§ **TASK BRIEF**
Print word for word the records from the line containing "(INF g\<in>Lp_plus M p. SUP f\<in>A." through the end.

[Data extracted from a collection]
====

(* Let $(\Omega,\mathcal F,\mu)$ be a measure space and $p\in[1,\infty)$. If $\mathscr A\subset L^p(\Omega,\mathcal F,\mu)$ is uniformly integrable, then $\mathscr A$ is uniformly approximable.
   Context: All measures are assumed not identically zero. $\mathscr A\subset L^p$ is uniformly integrable if $\inf_{g\in L^p_+}\sup_{f\in\mathscr A}\int_{\{|f|>g\}}|f|^p\,d\mu=0$, where $L^p_+$ is the set of nonnegative functions in $L^p$. $\mathscr G_{p,k}$ is the set of functions $\sum_{i=1}^l a_i\mathbf 1_{A_i}\in L^p$ with $l\le k$, $\{A_i\}$ a measurable partition of $\Omega$, $a_i\in\mathbb R$. $N_{p,\varepsilon}(\mathscr A)=\inf\{k\ge1:\ \forall f\in\mathscr A\ \exists h\in\mathscr G_{p,k},\ \|f-h\|_p\le\varepsilon\}$ ($\inf\emptyset=\infty$); $\mathscr A$ is uniformly approximable if $N_{p,\varepsilon}(\mathscr A)<\infty$ for every $\varepsilon>0$. *)

theory Defs
  imports "HOL-Analysis.Analysis"
begin

definition Lp :: "'a measure \<Rightarrow> real \<Rightarrow> ('a \<Rightarrow> real) set" where
  "Lp M p = {f \<in> borel_measurable M. integrable M (\<lambda>x. \<bar>f x\<bar> powr p)}"

definition Lp_plus :: "'a measure \<Rightarrow> real \<Rightarrow> ('a \<Rightarrow> real) set" where
  "Lp_plus M p = {g \<in> Lp M p. \<forall>x\<in>space M. 0 \<le> g x}"

definition Lp_norm :: "'a measure \<Rightarrow> real \<Rightarrow> ('a \<Rightarrow> real) \<Rightarrow> real" where
  "Lp_norm M p f = (\<integral>x. \<bar>f x\<bar> powr p \<partial>M) powr (1 / p)"

definition unif_integrable :: "'a measure \<Rightarrow> real \<Rightarrow> ('a \<Rightarrow> real) set \<Rightarrow> bool" where
  "unif_integrable M p A \<longleftrightarrow>
     (INF g\<in>Lp_plus M p. SUP f\<in>A.
        (\<integral>\<^sup>+ x\<in>{x\<in>space M. \<bar>f x\<bar> > g x}. ennreal (\<bar>f x\<bar> powr p) \<partial>M)) = 0"

definition step_fun_set :: "'a measure \<Rightarrow> real \<Rightarrow> nat \<Rightarrow> ('a \<Rightarrow> real) set" where
  "step_fun_set M p k = {h \<in> Lp M p. \<exists>l \<le> k. \<exists>(S :: nat \<Rightarrow> 'a set) (a :: nat \<Rightarrow> real).
      (\<forall>i<l. S i \<in> sets M) \<and> disjoint_family_on S {..<l} \<and> (\<Union>i<l. S i) = space M \<and>
      (\<forall>x\<in>space M. h x = (\<Sum>i<l. a i * indicator (S i) x))}"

====

§ **SOLUTION FOR THIS PROBLEM**
     (INF g\<in>Lp_plus M p. SUP f\<in>A.
        (\<integral>\<^sup>+ x\<in>{x\<in>space M. \<bar>f x\<bar> > g x}. ennreal (\<bar>f x\<bar> powr p) \<partial>M)) = 0"

definition step_fun_set :: "'a measure \<Rightarrow> real \<Rightarrow> nat \<Rightarrow> ('a \<Rightarrow> real) set" where
  "step_fun_set M p k = {h \<in> Lp M p. \<exists>l \<le> k. \<exists>(S :: nat \<Rightarrow> 'a set) (a :: nat \<Rightarrow> real).
      (\<forall>i<l. S i \<in> sets M) \<and> disjoint_family_on S {..<l} \<and> (\<Union>i<l. S i) = space M \<and>
      (\<forall>x\<in>space M. h x = (\<Sum>i<l. a i * indicator (S i) x))}"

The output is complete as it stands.